(* Let $(a_n)_{\mathrm c}\in\widetilde{\mathbb C}_{\mathrm c}$ and $c\in\widetilde{\mathbb C}$. Then there exists $q\in\mathbb N$ such that $B_{\mathrm d\rho^q}(c)\subseteq S((a_n)_{\mathrm c},c)$.
   Context: Fix $I=(0,1]$ and a gauge $\rho=(\rho_\varepsilon)_{\varepsilon\in I}$ with $\rho_\varepsilon\in I$ and $\rho_\varepsilon\to0$ as $\varepsilon\to0$. "$\forall^0\varepsilon$" means "for all sufficiently small $\varepsilon\in I$". A net $(x_\varepsilon)\in\mathbb C^I$ is $\rho$-moderate ($(x_\varepsilon)\in\mathbb C_\rho$) if $\exists N\in\mathbb N\,\forall^0\varepsilon:|x_\varepsilon|\le\rho_\varepsilon^{-N}$, and $\rho$-negligible if $\forall q\in\mathbb N\,\forall^0\varepsilon:|x_\varepsilon|\le\rho_\varepsilon^q$. $\widetilde{\mathbb C}:=\mathbb C_\rho/\{\text{negligible nets}\}$ with classes $[x_\varepsilon]$; $\widetilde{\mathbb R}\subseteq\widetilde{\mathbb C}$ consists of classes of real moderate nets; $\mathrm d\rho:=[\rho_\varepsilon]$, $|[z_\varepsilon]|:=[|z_\varepsilon|]$. On $\widetilde{\mathbb R}$: $[x_\varepsilon]\le[y_\varepsilon]$ iff $x_\varepsilon\le y_\varepsilon+z_\varepsilon$ $\forall^0\varepsilon$ for some negligible $(z_\varepsilon)$; $x<y$ iff $\exists m\,\forall^0\varepsilon:y_\varepsilon-x_\varepsilon>\rho_\varepsilon^m$; $\widetilde{\mathbb R}_{>0}:=\{x:x>0\}$. $B_r(c):=\{z\in\widetilde{\mathbb C}:|z-c|<r\}$ for $r\in\widetilde{\mathbb R}_{>0}$ (these balls generate the sharp topology). Hypernatural numbers: $\widetilde{\mathbb N}:=\{[n_\varepsilon]\in\widetilde{\mathbb R}:n_\varepsilon\in\mathbb N\ \forall\varepsilon\}$; for each $N\in\widetilde{\mathbb N}$ a representative $(\mathrm{ni}(N)_\varepsilon)$ with all $\mathrm{ni}(N)_\varepsilon\in\mathbb N$ is fixed. Hyperlimit: $l=\lim_{n\in\widetilde{\mathbb N}}a_n$ means $\forall q\,\exists M\in\widetilde{\mathbb N}\,\forall n\in\widetilde{\mathbb N}:n\ge M\Rightarrow|a_n-l|<\mathrm d\rho^q$. Hyperseries: a net $(a_{n\varepsilon})_{n\in\mathbb N,\varepsilon\in I}$ is moderate over hypersums if for every $N\in\widetilde{\mathbb N}$ the net $(\sum_{n=0}^{\mathrm{ni}(N)_\varepsilon}a_{n\varepsilon})_\varepsilon$ is $\rho$-moderate; two such nets are equivalent if for all $N,M\in\widetilde{\mathbb N}$ the net $(\sum_{n=\mathrm{ni}(N)_\varepsilon}^{\mathrm{ni}(M)_\varepsilon}(a_{n\varepsilon}-\bar a_{n\varepsilon}))_\varepsilon$ is negligible; the quotient is $\widetilde{\mathbb C}_{\mathrm s}$ with classes $[a_{n\varepsilon}]_{\mathrm s}$. $\sum_{n=N}^Ma_n:=[\sum_{n=\mathrm{ni}(N)_\varepsilon}^{\mathrm{ni}(M)_\varepsilon}a_{n\varepsilon}]$, and $\sum_{n\in\widetilde{\mathbb N}}a_n:=\lim_{N\in\widetilde{\mathbb N}}\sum_{n=0}^Na_n$ when this hyperlimit exists (convergence). Coefficients: $\widetilde{\mathbb C}_{\mathrm c}$ is the set of weakly $\rho$-moderate nets $(a_{n\varepsilon})$ ($\exists Q,R\in\mathbb N\,\forall^0\varepsilon\,\forall n\in\mathbb N:|a_{n\varepsilon}|\le\rho_\varepsilon^{-nQ-R}$) modulo strong equivalence ($\forall q,r\,\forall^0\varepsilon\,\forall n:|a_{n\varepsilon}-\bar a_{n\varepsilon}|\le\rho_\varepsilon^{nq+r}$), classes $(a_n)_{\mathrm c}=[a_{n\varepsilon}]_{\mathrm c}$. $\widetilde{\mathbb R}_\infty:=(\mathbb R\cup\{\pm\infty\})^I/\sim_\rho$ (same negligibility relation), ordered by $x\le y$ iff some representatives satisfy $x_\varepsilon\le y_\varepsilon$ $\forall^0\varepsilon$, and for $x\in\widetilde{\mathbb R}$, $x<y$ iff $\exists m\,\forall^0\varepsilon:y_\varepsilon>x_\varepsilon+\rho_\varepsilon^m$. Radius: $\mathrm{rad}(a_n)_{\mathrm c}:=[(\limsup_n|a_{n\varepsilon}|^{1/n})^{-1}]\in\widetilde{\mathbb R}_\infty$. Set of convergence: $S((a_n)_{\mathrm c},c)$ is the set of $z\in\widetilde{\mathbb C}$ with $|z-c|<\mathrm{rad}(a_n)_{\mathrm c}$ for which there exist representatives $z=[z_\varepsilon]$, $c=[c_\varepsilon]$, $(a_n)_{\mathrm c}=[a_{n\varepsilon}]_{\mathrm c}$ such that: (a) the net $(a_{n\varepsilon}(z_\varepsilon-c_\varepsilon)^n)_{n,\varepsilon}$ is moderate over hypersums (its class $(a_n(z-c)^n)_n\in\widetilde{\mathbb C}_{\mathrm s}$ is called a formal hyperpower series); (b) the hyperseries $\sum_{n\in\widetilde{\mathbb N}}a_n(z-c)^n$ converges and equals $[\sum_{n=0}^{\infty}a_{n\varepsilon}(z_\varepsilon-c_\varepsilon)^n]$ (these ordinary series converging for small $\varepsilon$ to a moderate net); (c) for every representative $z=[\hat z_\varepsilon]$, the net $(\sum_{n\ge1}na_{n\varepsilon}(\hat z_\varepsilon-c_\varepsilon)^{n-1})_\varepsilon$ (derivative of the $\varepsilon$-wise power series at $\hat z_\varepsilon$) is $\rho$-moderate. *)

theory Defs
  imports Complex_Main "HOL-Library.Extended_Real" "HOL-Library.Liminf_Limsup"
begin

(* Nets indexed by eps in I = (0,1] are functions real => _ ; only small eps matter.
   "for all sufficiently small eps" is rendered as eventually at_right 0. *)

definition rho_gauge :: "(real \<Rightarrow> real) \<Rightarrow> bool" where
  "rho_gauge \<rho> \<longleftrightarrow> (\<forall>e\<in>{0<..1}. \<rho> e \<in> {0<..1}) \<and> (\<rho> \<longlongrightarrow> 0) (at_right 0)"

definition rmod :: "(real \<Rightarrow> real) \<Rightarrow> (real \<Rightarrow> 'a::real_normed_vector) \<Rightarrow> bool" where
  "rmod \<rho> x \<longleftrightarrow> (\<exists>N::nat. \<forall>\<^sub>F e in at_right 0. norm (x e) \<le> inverse (\<rho> e ^ N))"

definition rneg :: "(real \<Rightarrow> real) \<Rightarrow> (real \<Rightarrow> 'a::real_normed_vector) \<Rightarrow> bool" where
  "rneg \<rho> x \<longleftrightarrow> (\<forall>q::nat. \<forall>\<^sub>F e in at_right 0. norm (x e) \<le> \<rho> e ^ q)"

definition req :: "(real \<Rightarrow> real) \<Rightarrow> (real \<Rightarrow> 'a::real_normed_vector) \<Rightarrow> (real \<Rightarrow> 'a) \<Rightarrow> bool" where
  "req \<rho> x y \<longleftrightarrow> rneg \<rho> (\<lambda>e. x e - y e)"

definition rle :: "(real \<Rightarrow> real) \<Rightarrow> (real \<Rightarrow> real) \<Rightarrow> (real \<Rightarrow> real) \<Rightarrow> bool" where
  "rle \<rho> x y \<longleftrightarrow> (\<exists>w. rneg \<rho> w \<and> (\<forall>\<^sub>F e in at_right 0. x e \<le> y e + w e))"

definition rlt :: "(real \<Rightarrow> real) \<Rightarrow> (real \<Rightarrow> real) \<Rightarrow> (real \<Rightarrow> real) \<Rightarrow> bool" where
  "rlt \<rho> x y \<longleftrightarrow> (\<exists>m::nat. \<forall>\<^sub>F e in at_right 0. y e - x e > \<rho> e ^ m)"

(* strict order x < y for x in R~ and y in R~_infinity *)
definition rlt_ext :: "(real \<Rightarrow> real) \<Rightarrow> (real \<Rightarrow> real) \<Rightarrow> (real \<Rightarrow> ereal) \<Rightarrow> bool" where
  "rlt_ext \<rho> x y \<longleftrightarrow> (\<exists>m::nat. \<forall>\<^sub>F e in at_right 0. y e > ereal (x e + \<rho> e ^ m))"

(* a natural-valued net representing a hypernatural number *)
definition hypernat :: "(real \<Rightarrow> real) \<Rightarrow> (real \<Rightarrow> nat) \<Rightarrow> bool" where
  "hypernat \<rho> N \<longleftrightarrow> rmod \<rho> (\<lambda>e. real (N e))"

(* hyperlimit of a map from hypernaturals (given by natural-valued representatives) *)
definition hyperlim :: "(real \<Rightarrow> real) \<Rightarrow> ((real \<Rightarrow> nat) \<Rightarrow> real \<Rightarrow> complex) \<Rightarrow> (real \<Rightarrow> complex) \<Rightarrow> bool" where
  "hyperlim \<rho> s l \<longleftrightarrow> (\<forall>q::nat. \<exists>M. hypernat \<rho> M \<and>
      (\<forall>N. hypernat \<rho> N \<and> rle \<rho> (\<lambda>e. real (M e)) (\<lambda>e. real (N e)) \<longrightarrow>
           rlt \<rho> (\<lambda>e. cmod (s N e - l e)) (\<lambda>e. \<rho> e ^ q)))"

definition hypersum :: "(nat \<Rightarrow> real \<Rightarrow> complex) \<Rightarrow> (real \<Rightarrow> nat) \<Rightarrow> real \<Rightarrow> complex" where
  "hypersum b N = (\<lambda>e. \<Sum>n\<le>N e. b n e)"

definition hypersum_moderate :: "(real \<Rightarrow> real) \<Rightarrow> (nat \<Rightarrow> real \<Rightarrow> complex) \<Rightarrow> bool" where
  "hypersum_moderate \<rho> b \<longleftrightarrow> (\<forall>N. hypernat \<rho> N \<longrightarrow> rmod \<rho> (hypersum b N))"

definition weakly_moderate :: "(real \<Rightarrow> real) \<Rightarrow> (nat \<Rightarrow> real \<Rightarrow> complex) \<Rightarrow> bool" where
  "weakly_moderate \<rho> a \<longleftrightarrow> (\<exists>Q R::nat. \<forall>\<^sub>F e in at_right 0. \<forall>n.
      cmod (a n e) \<le> inverse (\<rho> e ^ (n * Q + R)))"

definition strong_eq :: "(real \<Rightarrow> real) \<Rightarrow> (nat \<Rightarrow> real \<Rightarrow> complex) \<Rightarrow> (nat \<Rightarrow> real \<Rightarrow> complex) \<Rightarrow> bool" where
  "strong_eq \<rho> a b \<longleftrightarrow> (\<forall>q r::nat. \<forall>\<^sub>F e in at_right 0. \<forall>n.
      cmod (a n e - b n e) \<le> \<rho> e ^ (n * q + r))"

definition rad :: "(nat \<Rightarrow> real \<Rightarrow> complex) \<Rightarrow> real \<Rightarrow> ereal" where
  "rad a = (\<lambda>e. inverse (limsup (\<lambda>n. ereal (root n (cmod (a n e))))))"

(* set of convergence S((a_n)_c, c), as a set of representatives *)
definition conv_set :: "(real \<Rightarrow> real) \<Rightarrow> (nat \<Rightarrow> real \<Rightarrow> complex) \<Rightarrow> (real \<Rightarrow> complex) \<Rightarrow> (real \<Rightarrow> complex) set" where
  "conv_set \<rho> a c = {z. rmod \<rho> z \<and> rlt_ext \<rho> (\<lambda>e. cmod (z e - c e)) (rad a) \<and>
     (\<exists>z' c' a'. rmod \<rho> z' \<and> req \<rho> z' z \<and> rmod \<rho> c' \<and> req \<rho> c' c \<and>
        weakly_moderate \<rho> a' \<and> strong_eq \<rho> a' a \<and>
        hypersum_moderate \<rho> (\<lambda>n e. a' n e * (z' e - c' e) ^ n) \<and>
        (\<forall>\<^sub>F e in at_right 0. summable (\<lambda>n. a' n e * (z' e - c' e) ^ n)) \<and>
        rmod \<rho> (\<lambda>e. \<Sum>n. a' n e * (z' e - c' e) ^ n) \<and>
        hyperlim \<rho> (hypersum (\<lambda>n e. a' n e * (z' e - c' e) ^ n))
                   (\<lambda>e. \<Sum>n. a' n e * (z' e - c' e) ^ n) \<and>
        (\<forall>zh. rmod \<rho> zh \<and> req \<rho> zh z \<longrightarrow>
           (\<forall>\<^sub>F e in at_right 0. summable (\<lambda>n. of_nat (Suc n) * a' (Suc n) e * (zh e - c' e) ^ n)) \<and>
           rmod \<rho> (\<lambda>e. \<Sum>n. of_nat (Suc n) * a' (Suc n) e * (zh e - c' e) ^ n)))}"

(* sharp ball B_r(c), as a set of representatives *)
definition sball :: "(real \<Rightarrow> real) \<Rightarrow> (real \<Rightarrow> real) \<Rightarrow> (real \<Rightarrow> complex) \<Rightarrow> (real \<Rightarrow> complex) set" where
  "sball \<rho> r c = {z. rmod \<rho> z \<and> rlt \<rho> (\<lambda>e. cmod (z e - c e)) r}"

end

theory Submission
  imports Defs
begin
* * * * * * * * *
WORK TASK
Identify and extract each line of the listing that contains "cmod".

OUTPUT FOR THIS EXERCISE
           rlt \<rho> (\<lambda>e. cmod (s N e - l e)) (\<lambda>e. \<rho> e ^ q)))"
      cmod (a n e) \<le> inverse (\<rho> e ^ (n * Q + R)))"
      cmod (a n e - b n e) \<le> \<rho> e ^ (n * q + r))"
  "rad a = (\<lambda>e. inverse (limsup (\<lambda>n. ereal (root n (cmod (a n e))))))"
  "conv_set \<rho> a c = {z. rmod \<rho> z \<and> rlt_ext \<rho> (\<lambda>e. cmod (z e - c e)) (rad a) \<and>
  "sball \<rho> r c = {z. rmod \<rho> z \<and> rlt \<rho> (\<lambda>e. cmod (z e - c e)) r}"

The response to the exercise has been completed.